— ASSIGNED TASK —
Take from the records below each line that holds "induction".

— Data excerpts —
[Start of section]

(* Let $I\subset[0,\infty)$ be an interval, let $a,b\in I^\circ$ with $a<b$, and let $f:I\to\mathbb{R}$ be twice differentiable on $I^\circ$ with $f''\in L^1([a,b])$. Let $q\ge 1$ and assume $|f''|^q$ is $h$-convex on $[a,b]$. Then, writing $M=\big|f''\big(\frac{a+b}{2}\big)\big|^q$, $$\left|\frac{f(a)+f(b)}{2}-\frac{1}{b-a}\int_a^b f(x)\,dx\right|\le \frac{(b-a)^2}{16}\Big(\frac23\Big)^{1-\frac1q}\left[\Big(\int_0^1\big\{(1-t^2)|f''(a)|^q+t(2-t)M\big\}h(t)\,dt\Big)^{1/q}+\Big(\int_0^1\big\{(1-t^2)|f''(b)|^q+t(2-t)M\big\}h(t)\,dt\Big)^{1/q}\right].$$
   Context: Let $J$ be an interval with $(0,1)\subseteq J$ and $h:J\to\mathbb{R}$ a non-negative function, not identically zero, which is Lebesgue integrable on $(0,1)$. A non-negative function $g$ defined on an interval $K$ is called $h$-convex on $K$ if for all $x,y\in K$ and all $t\in(0,1)$: $g(tx+(1-t)y)\le h(t)g(x)+h(1-t)g(y)$. $I^\circ$ denotes the interior of $I$. *)

theory Defs
  imports "HOL-Analysis.Analysis"
begin

definition h_convex :: "(real \<Rightarrow> real) \<Rightarrow> real set \<Rightarrow> (real \<Rightarrow> real) \<Rightarrow> bool" where
  "h_convex h K g \<longleftrightarrow>
     (\<forall>x\<in>K. 0 \<le> g x) \<and>
     (\<forall>x\<in>K. \<forall>y\<in>K. \<forall>t\<in>{0<..<1}.
        g (t * x + (1 - t) * y) \<le> h t * g x + h (1 - t) * g y)"

end

theory Submission
  imports Defs
begin

text \<open>Integrating by parts twice, the trapezoid error equals
  \<open>1/(2(b - a)) \<integral>\<^sub>a\<^sup>b (x - a)(b - x) f''(x) dx\<close>. Split \<open>[a, b]\<close> at the midpoint \<open>c\<close> and
  substitute \<open>x = e + s(c - e)\<close> on the half with endpoint \<open>e\<close>: the kernel becomes
  \<open>((b - a)/2)\<^sup>2 s(2 - s)\<close>. The power mean inequality for the weight \<open>s(2 - s)\<close>, of mass \<open>2/3\<close>,
  leaves \<open>\<integral>\<^sub>0\<^sup>1 s(2 - s)|f''|\<^sup>q\<close>, which \<open>h\<close>-convexity bounds by
  \<open>\<integral>\<^sub>0\<^sup>1 s(2 - s)(h(s)|f''(c)|\<^sup>q + h(1 - s)|f''(e)|\<^sup>q)\<close>; the substitution \<open>t = 1 - s\<close> in the
  second term yields the integrals of the statement.\<close>

lemma weighted_power_mean_integral_le_bound:
  fixes K g B :: "real \<Rightarrow> real" and S :: "real set"
  assumes q: "1 \<le> q"
    and K_nonneg: "\<forall>x\<in>S. 0 \<le> K x" and g_nonneg: "\<forall>x\<in>S. 0 \<le> g x"
    and Kg_int: "(\<lambda>x. K x * g x) integrable_on S"
    and K_int: "(K has_integral \<kappa>) S" and \<kappa>_pos: "0 < \<kappa>"
    and B_int: "(B has_integral \<beta>) S"
    and bound: "\<forall>x\<in>S. K x * g x powr q \<le> B x"
    and \<beta>'_pos: "0 < \<beta>'" and \<beta>_le: "\<beta> \<le> \<beta>'"
  shows "integral S (\<lambda>x. K x * g x) \<le> \<kappa> powr (1 - 1/q) * \<beta>' powr (1/q)"
proof -
  define C where "C = \<kappa> powr (1 - 1/q) * \<beta>' powr (1/q)"
  define R where "R = (\<lambda>x. C * ((1/q) * B x / \<beta>' + (1 - 1/q) * K x / \<kappa>))"
  have C_pos: "0 < C" using \<kappa>_pos \<beta>'_pos by (simp add: C_def)
  have q_conj: "0 \<le> 1 - 1/q" "0 < 1/q" using q by (auto simp: field_simps)
  have pointwise: "K x * g x \<le> R x" if x: "x \<in> S" for x
  proof (cases "K x = 0 \<or> g x = 0")
    case True
    have "0 \<le> B x"
      using bound K_nonneg g_nonneg x by (meson mult_nonneg_nonneg order_trans powr_ge_zero)
    then have "0 \<le> R x"
      using q_conj \<beta>'_pos \<kappa>_pos K_nonneg x C_pos unfolding R_def by simp
    then show ?thesis using True by auto
  next
    case False
    then have K_pos: "0 < K x" and g_pos: "0 < g x" using K_nonneg g_nonneg x by force+
    have "(g x powr q / \<beta>') powr (1/q) * (1/\<kappa>) powr (1 - 1/q)
       \<le> (1/q) * (g x powr q / \<beta>') + (1 - 1/q) * (1/\<kappa>)"
      using q_conj g_pos \<beta>'_pos \<kappa>_pos by (intro Youngs_inequality_0) auto
    also have "(g x powr q / \<beta>') powr (1/q) * (1/\<kappa>) powr (1 - 1/q) = g x / C"
      using g_pos \<beta>'_pos \<kappa>_pos q by (simp add: C_def powr_divide powr_powr)
    finally have "g x \<le> C * ((1/q) * (g x powr q / \<beta>') + (1 - 1/q) * (1/\<kappa>))"
      using C_pos by (simp add: divide_le_eq mult.commute)
    then have "K x * g x \<le> C * ((1/q) * (K x * g x powr q) / \<beta>' + (1 - 1/q) * K x / \<kappa>)"
      using K_pos by (auto dest: mult_left_mono[of _ _ "K x"] simp: field_simps)
    also have "\<dots> \<le> R x"
      unfolding R_def using bound x C_pos q_conj \<beta>'_pos
      by (intro mult_left_mono add_right_mono divide_right_mono) auto
    finally show ?thesis .
  qed
  have R_int: "(R has_integral C * ((1/q) * \<beta> / \<beta>' + (1 - 1/q) * \<kappa> / \<kappa>)) S"
    unfolding R_def by (intro has_integral_mult_right has_integral_add has_integral_divide B_int K_int)
  have "integral S (\<lambda>x. K x * g x) \<le> C * ((1/q) * \<beta> / \<beta>' + (1 - 1/q) * \<kappa> / \<kappa>)"
    using integral_le[OF Kg_int has_integral_integrable[OF R_int]] pointwise integral_unique[OF R_int]
    by auto
  also have "\<dots> \<le> C"
  proof -
    have "\<beta> / \<beta>' \<le> 1" using \<beta>_le \<beta>'_pos by simp
    then have "(1/q) * (\<beta> / \<beta>') \<le> 1/q"
      using q_conj mult_left_mono[of "\<beta> / \<beta>'" 1 "1/q"] by simp
    then show ?thesis using \<kappa>_pos C_pos by (simp add: mult_le_cancel_left1)
  qed
  finally show ?thesis by (simp add: C_def)
qed
(* Let $n\ge4$ be even and let $\varphi$ be a smooth skew-morphism of $D_n$ with $\mathrm{Ker}\,\varphi=\langle a^2\rangle$ and power function $\pi$; let $k$ be the order of $\varphi$. Then there exist integers $r,s\in\{0,\dots,n/2-1\}$, $u$ with $\gcd(u,n/2)=1$, and $e,f\in\{1,\dots,k-1\}$ such that for all integers $i$: $\varphi(a^{2i})=a^{2iu}$, $\varphi(a^{2i+1})=a^{2iu+2r+1}$, $\varphi(a^{2i}b)=a^{2iu+2s}b$, $\varphi(a^{2i+1}b)=a^{2iu+2r+2s\sigma(u,e)+1}b$, and $\pi(a^{2i})\equiv1$, $\pi(a^{2i+1})\equiv e$, $\pi(a^{2i}b)\equiv f$, $\pi(a^{2i+1}b)\equiv ef\pmod k$; and the following hold: (a) $k$ is the smallest positive integer with $r\sigma(u,k)\equiv0$ and $s\sigma(u,k)\equiv0\pmod{n/2}$; (b) $\gcd(e,k)=\gcd(f,k)=1$, $e\not\equiv1$, $f\not\equiv1$, $ef\not\equiv1$, $e^2\equiv1$, $f^2\equiv1\pmod k$; (c) $u^{e-1}\equiv1$ and $u^{f-1}\equiv1\pmod{n/2}$; (d) $r\sigma(u,e-1)\equiv u-2r-1\pmod{n/2}$; (e) $s\sigma(u,f-1)\equiv0\pmod{n/2}$; (f) $r\sigma(u,f-1)+s\sigma(u,e-1)\equiv u-2r-1\pmod{n/2}$.
   Context: $D_n=\langle a,b\mid a^n=b^2=1,\ b^{-1}ab=a^{-1}\rangle$. A skew-morphism of a finite group $A$ is a permutation $\varphi$ of the set $A$ with $\varphi(1)=1$ for which there exists a function $\pi:A\to\mathbb{Z}_k$, where $k$ is the order of $\varphi$, such that $\varphi(xy)=\varphi(x)\varphi^{\pi(x)}(y)$ for all $x,y\in A$; $\pi$ is the power function. The kernel is $\mathrm{Ker}\,\varphi=\{x:\pi(x)=1\}$, and the core is $\mathrm{Core}\,\varphi=\bigcap_{i=1}^k\varphi^i(\mathrm{Ker}\,\varphi)$. $\varphi$ is smooth if $\varphi(x)\in x\,\mathrm{Core}\,\varphi$ for all $x$. For integers $u$ and $j\ge0$, $\sigma(u,j)=\sum_{i=1}^{j}u^{i-1}$ (so $\sigma(u,0)=0$). *)

theory Defs
  imports "HOL-Number_Theory.Number_Theory"
begin

text \<open>The dihedral group D_n of order 2n: the element a^i b^j is the pair (i mod n, j mod 2).
  Multiplication uses b^{-1} a b = a^{-1}, i.e. b a^k = a^{-k} b.\<close>

definition dih :: "nat \<Rightarrow> (int \<times> int) set" where
  "dih n = {(i, j). 0 \<le> i \<and> i < int n \<and> (j = 0 \<or> j = 1)}"

definition dmult :: "nat \<Rightarrow> int \<times> int \<Rightarrow> int \<times> int \<Rightarrow> int \<times> int" where
  "dmult n x y = ((fst x + (if snd x = 0 then fst y else - fst y)) mod int n,
                   (snd x + snd y) mod 2)"

definition delt :: "nat \<Rightarrow> int \<Rightarrow> int \<Rightarrow> int \<times> int" where
  "delt n i j = (i mod int n, j mod 2)"

definition skew_order :: "nat \<Rightarrow> (int \<times> int \<Rightarrow> int \<times> int) \<Rightarrow> nat" where
  "skew_order n \<phi> = (LEAST k. k > 0 \<and> (\<forall>x\<in>dih n. (\<phi> ^^ k) x = x))"

text \<open>phi is a skew-morphism of D_n with power function pi (values in Z_k represented by integers).\<close>
definition skew_morphism :: "nat \<Rightarrow> (int \<times> int \<Rightarrow> int \<times> int) \<Rightarrow> (int \<times> int \<Rightarrow> int) \<Rightarrow> bool" where
  "skew_morphism n \<phi> \<pi> \<longleftrightarrow>
     bij_betw \<phi> (dih n) (dih n) \<and> \<phi> (delt n 0 0) = delt n 0 0 \<and>
     (\<forall>x\<in>dih n. \<forall>y\<in>dih n.
        \<phi> (dmult n x y) = dmult n (\<phi> x) ((\<phi> ^^ nat (\<pi> x mod int (skew_order n \<phi>))) y))"

definition skew_ker :: "nat \<Rightarrow> (int \<times> int \<Rightarrow> int \<times> int) \<Rightarrow> (int \<times> int \<Rightarrow> int) \<Rightarrow> (int \<times> int) set" where
  "skew_ker n \<phi> \<pi> = {x \<in> dih n. [\<pi> x = 1] (mod int (skew_order n \<phi>))}"

definition skew_core :: "nat \<Rightarrow> (int \<times> int \<Rightarrow> int \<times> int) \<Rightarrow> (int \<times> int \<Rightarrow> int) \<Rightarrow> (int \<times> int) set" where
  "skew_core n \<phi> \<pi> = (\<Inter>i\<in>{1..skew_order n \<phi>}. (\<phi> ^^ i) ` skew_ker n \<phi> \<pi>)"

definition skew_smooth :: "nat \<Rightarrow> (int \<times> int \<Rightarrow> int \<times> int) \<Rightarrow> (int \<times> int \<Rightarrow> int) \<Rightarrow> bool" where
  "skew_smooth n \<phi> \<pi> \<longleftrightarrow> (\<forall>x\<in>dih n. \<exists>c\<in>skew_core n \<phi> \<pi>. \<phi> x = dmult n x c)"

definition sigma :: "int \<Rightarrow> nat \<Rightarrow> int" where
  "sigma u j = (\<Sum>i=1..j. u ^ (i - 1))"

end

theory Submission
  imports Defs "HOL-Combinatorics.Cycles"
begin

text \<open>Smoothness puts \<open>\<phi> x\<close> in \<open>x \<langle>a\<^sup>2\<rangle>\<close>, and \<open>\<phi>\<close> is multiplicative on its kernel \<open>\<langle>a\<^sup>2\<rangle>\<close>.
  Hence \<open>\<phi>\<close> acts on \<open>\<langle>a\<^sup>2\<rangle>\<close> as \<open>a\<^sup>2\<^sup>t \<mapsto> a\<^sup>2\<^sup>t\<^sup>u\<close> and on each of the other three cosets by an
  affine map \<open>t \<mapsto> t u + c\<close>, whose iterates are \<open>t \<mapsto> t u\<^sup>j + c \<sigma>(u,j)\<close>. The power function
  is constant on cosets of the kernel and multiplicative along \<open>\<phi>\<close>-orbits on which it is
  constant, which gives its values \<open>1, e, f, e f\<close> and \<open>e\<^sup>2 \<equiv> f\<^sup>2 \<equiv> 1\<close>. Evaluating the skew rule on
  \<open>a \<cdot> a\<^sup>2\<close>, \<open>b \<cdot> a\<^sup>2\<close>, \<open>a \<cdot> a\<close>, \<open>b \<cdot> b\<close> and \<open>b \<cdot> a\<close> yields (c)--(f), and the order \<open>k\<close> is the first
  exponent at which all four affine orbits close up, which by (d) happens exactly when
  \<open>r \<sigma>(u,j) \<equiv> s \<sigma>(u,j) \<equiv> 0\<close>.\<close>

lemma delt_in_dih: "n > 0 \<Longrightarrow> delt n i j \<in> dih n"
  by (auto simp: delt_def dih_def)

lemma dih_eq_delt: "x \<in> dih n \<Longrightarrow> x = delt n (fst x) (snd x)"
  by (auto simp: delt_def dih_def)

lemma finite_dih: "finite (dih n)"
  unfolding dih_def by (rule finite_subset[of _ "{0..<int n} \<times> {0..1}"]) auto

lemma dmult_in_dih: "n > 0 \<Longrightarrow> dmult n x y \<in> dih n"
  by (auto simp: dmult_def dih_def)

lemma dmult_delt: "dmult n (delt n i j) (delt n i' j') =
   delt n (if j mod 2 = 0 then i + i' else i - i') (j + j')"
  by (auto simp: dmult_def delt_def mod_add_eq mod_diff_eq)

lemma delt_eq_iff: "delt n i j = delt n i' j' \<longleftrightarrow> [i = i'] (mod int n) \<and> [j = j'] (mod 2)"
  by (simp add: delt_def cong_def)

lemma delt_mod2: "delt n i 2 = delt n i 0"
  by (simp add: delt_def)

lemma dmult_assoc:
  assumes "x \<in> dih n" "y \<in> dih n" "z \<in> dih n"
  shows "dmult n (dmult n x y) z = dmult n x (dmult n y z)"
proof -
  have "dmult n (dmult n (delt n a b) (delt n c d)) (delt n e f) =
        dmult n (delt n a b) (dmult n (delt n c d) (delt n e f))" for a b c d e f
    unfolding dmult_delt delt_eq_iff
    by (auto simp: cong_def algebra_simps) presburger+
  then show ?thesis
    using dih_eq_delt[OF assms(1)] dih_eq_delt[OF assms(2)] dih_eq_delt[OF assms(3)] by metis
qed

lemma dmult_left_cancel:
  assumes "x \<in> dih n" "y \<in> dih n" "y' \<in> dih n" "dmult n x y = dmult n x y'"
  shows "y = y'"
proof -
  have "dmult n (delt n a b) (delt n c d) = dmult n (delt n a b) (delt n c' d') \<Longrightarrow>
        delt n c d = delt n c' d'" for a b c d c' d'
    unfolding dmult_delt delt_eq_iff
    by (auto simp: cong_iff_dvd_diff split: if_splits)
       (metis dvd_diff_commute)+
  then show ?thesis using assms dih_eq_delt by metis
qed

lemma sigma_Suc: "sigma u (Suc j) = sigma u j + u ^ j"
  by (simp add: sigma_def)

lemma sigma_0 [simp]: "sigma u 0 = 0"
  by (simp add: sigma_def)

lemma sigma_Suc': "sigma u (Suc j) = u * sigma u j + 1"
proof (induction j)
  case (Suc j)
  have "sigma u (Suc (Suc j)) = sigma u (Suc j) + u ^ Suc j" by (rule sigma_Suc)
  also have "\<dots> = u * (sigma u j + u ^ j) + 1" by (simp only: Suc.IH) (simp add: algebra_simps)
  finally show ?case by (simp add: sigma_Suc)
qed (simp add: sigma_def)

lemma sigma_geometric: "(u - 1) * sigma u j = u ^ j - 1"
  by (induction j) (auto simp: sigma_Suc algebra_simps)

lemma sigma_pred: "j \<ge> 1 \<Longrightarrow> sigma u j = sigma u (j - 1) + u ^ (j - 1)"
  using sigma_Suc[of u "j - 1"] by simp

locale skew_morphism_dih =
  fixes n :: nat and \<phi> :: "int \<times> int \<Rightarrow> int \<times> int" and \<pi> :: "int \<times> int \<Rightarrow> int"
  assumes n_pos: "n > 0" and skew_morphism: "skew_morphism n \<phi> \<pi>"
begin

abbreviation "D \<equiv> dih n"

definition k where "k = skew_order n \<phi>"

definition pi_nat where "pi_nat x = nat (\<pi> x mod int k)"

lemma delt_in_D [simp]: "delt n i j \<in> D"
  using delt_in_dih n_pos by blast

lemma dmult_in_D [simp]: "dmult n x y \<in> D"
  using dmult_in_dih n_pos by blast

lemma phi_bij: "bij_betw \<phi> D D"
  using skew_morphism unfolding skew_morphism_def by blast

lemma phi_in_D: "x \<in> D \<Longrightarrow> \<phi> x \<in> D"
  using phi_bij bij_betwE by blast

lemma funpow_in_D: "x \<in> D \<Longrightarrow> (\<phi> ^^ j) x \<in> D"
  by (induction j) (auto intro: phi_in_D)

lemma phi_one: "\<phi> (delt n 0 0) = delt n 0 0"
  using skew_morphism unfolding skew_morphism_def by blast

lemma phi_dmult: "x \<in> D \<Longrightarrow> y \<in> D \<Longrightarrow> \<phi> (dmult n x y) = dmult n (\<phi> x) ((\<phi> ^^ pi_nat x) y)"
  using skew_morphism unfolding skew_morphism_def pi_nat_def k_def by blast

[End of section]

— RESULT OF THE EXERCISE —
proof (induction j)
  by (induction j) (auto simp: sigma_Suc algebra_simps)
  by (induction j) (auto intro: phi_in_D)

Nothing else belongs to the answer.